Hi there, I’m trying to add a simple guest network to my Brume on separate VLAN and keep internal VLAN1 untouched but I can’t get the firewall zones working on the Brume. I’ve been able to successfully set up a guest interface on the lan0.30 using VLAN30 for my Guest network and when I connect to my Guest SSID I obtain an IP from the guest range (192.168.30.x). Firewall zones are set up correctly and I tried to add additional firewall rules to make sure Guest traffic is not allowed to access other subnets / my main lan.

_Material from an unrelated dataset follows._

(* Let $(\Gamma,d)=(H,\iota,\sigma,m,d)$ be a $\mathbb{Z}/2\mathbb{Z}$-graded skew Brauer graph and $H'\subseteq H$ stable under $\iota$. Let $\Gamma_d=(H_d,\iota_d,\sigma_d,m_d)$ be the covering of $(\Gamma,d)$ and $H'_d=H'\times\mathbb{Z}/2\mathbb{Z}\subseteq H_d$. Then the covering of the graded skew Brauer graph $\mu^+_{H'}(\Gamma,d)$ is the Brauer graph $\mu^+_{H'_d}(\Gamma_d)$.
   Context: A skew Brauer graph is $\Gamma=(H,\iota,\sigma,m)$ with $H$ finite, $\iota$ an involution (possibly with fixed points; $H_\times$ = fixed points, $H_\circ$ = the rest), $\sigma$ a permutation, $m:H\to\mathbb{Z}_{>0}$ constant on $\sigma$-orbits; no half-edge is fixed by both $\iota$ and $\sigma$. A Brauer graph is a skew Brauer graph with $H_\times=\varnothing$. A grading $d:H\to\mathbb{Z}/2\mathbb{Z}$ is $0$-homogeneous if its sum over each $\sigma$-orbit is $0$; then $(\Gamma,d)$ is a graded skew Brauer graph. Its covering is the Brauer graph $\Gamma_d$ with $H_d=H\times\mathbb{Z}/2\mathbb{Z}$ (elements $h_i$), $\iota_d(h_i)=h_{i+1}$ if $h\in H_\times$ and $(\iota h)_i$ if $h\in H_\circ$, $\sigma_d(h_i)=(\sigma h)_{i+d(h)}$, $m_d(h_i)=m(h)$. Sectors and moves: for $H'$ stable under $\iota$, $(h,r)\in H\times\mathbb{Z}_{\ge0}$ is a sector of elements of $H'$ if $r+1$ is the least $r'\ge0$ with $\sigma^{r'}h\notin H'$, maximal if moreover $\sigma^{-1}h\notin H'$. The move of a sector gives $\sigma_{(h,r)}=(h\ \ \sigma^{r+1}h)\circ\sigma\circ(\sigma^rh\ \ \iota\sigma^{r+1}h)$ (applied right to left), $m_{(h,r)}(\sigma^ih)=m(\iota\sigma^{r+1}h)$ for $0\le i\le r$, $m_{(h,r)}=m$ elsewhere; in the graded version also $d_{(h,r)}$, defined with $\epsilon=0$ if $\sigma^{r+1}h\in H_\circ$, $\epsilon=1$ if $\sigma^{r+1}h\in H_\times$: $d_{(h,r)}(\iota\sigma^{r+1}h)=-\sum_{i=0}^rd(\sigma^ih)-\epsilon$; $d_{(h,r)}(\sigma^rh)=d(\iota\sigma^{r+1}h)+d(\sigma^rh)+\epsilon$ if $\iota\sigma^{r+1}h\neq\sigma^{-1}h$, else $\sum_{i=-1}^rd(\sigma^ih)+d(\sigma^rh)+\epsilon$; $d_{(h,r)}(\sigma^{-1}h)=\sum_{i=-1}^rd(\sigma^ih)$ if $\iota\sigma^{r+1}h\ne\sigma^{-1}h$, else $d_{(h,r)}(\iota\sigma^{r+1}h)$; $d_{(h,r)}=d$ elsewhere. The (graded) generalized Kauer move $\mu^+_{H'}$ applies successively the (graded) moves of all maximal sectors of elements of $H'$ (independent of order). The covering of $\mu^+_{H'}(\Gamma,d)$ is formed with respect to its grading $d_{H'}$. *)

theory Defs
  imports Main "HOL-Library.Z2" "HOL-Combinatorics.Permutations" "HOL-Combinatorics.Transposition"
begin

See configs below.
However, when I connect to my Guest network with an ip address from the guest range, I still can access the Brume router interface, my switch, etc. on the 192.168.8.x subnet. How is this possible?
Setup
-
ONT from the FTTH provider → connected WAN port on Brume
-
Brume MV1000 with PPPOE setup and act as DHCP server.
-
8-ports managed PoE switch (L2/L3) (TP Link TL-SG2008P) → to Brume LAN0 with ports:
- Port 1: Uplink to Brume
- Port 2: Access point #1 (Ruckus r510) with Main SSID on VLAN1 and Guest SSID at VLAN30
- Port 4: Apple TV
- Port 5-7: IoT Devices…
- Port 8: Access point #2 (Ruckus r320) with Main SSID on VLAN1 and Guest SSID at VLAN30
-
8-ports managed PoE switch (L2/L3) (TP Link TL-SG2008P) → to Brume LAN0 with ports:
-
Brume MV1000 with PPPOE setup and act as DHCP server.
Managed switch port setup
Port | Device | PVID | Tagged VLAN | Untagged VLAN |
---|---|---|---|---|
1 | Brume | 1 | 1,30 | |
2 | Ruckus AP | 1 | 1,30 | |
3-7 | IoT Devices… | 1 | 1 | |
8 | Ruckus AP | 1 | 1,30 |
I’ve also tried to leave ports 2,8 Untagged on VLAN 1 but it doesn’t make a difference.
VLANs
My internal network is on 192.168.8.x and for a starter I created one extra VLAN:
- VLAN 1 - internal LAN - 192.168.8.1/24
- VLAN 30 - guest - 192.168.30.1/24
Again, the problem is that if I’m on the guest network, while firewall zones are correctly configured, I can still access my internal network / other subnets. I’ve read quite a few topics on setting up port tagging and openwrt firewall zones and I can’t see what is going wrong here. Before adding more VLANs I really would like to fix this first. Any help is appreciated.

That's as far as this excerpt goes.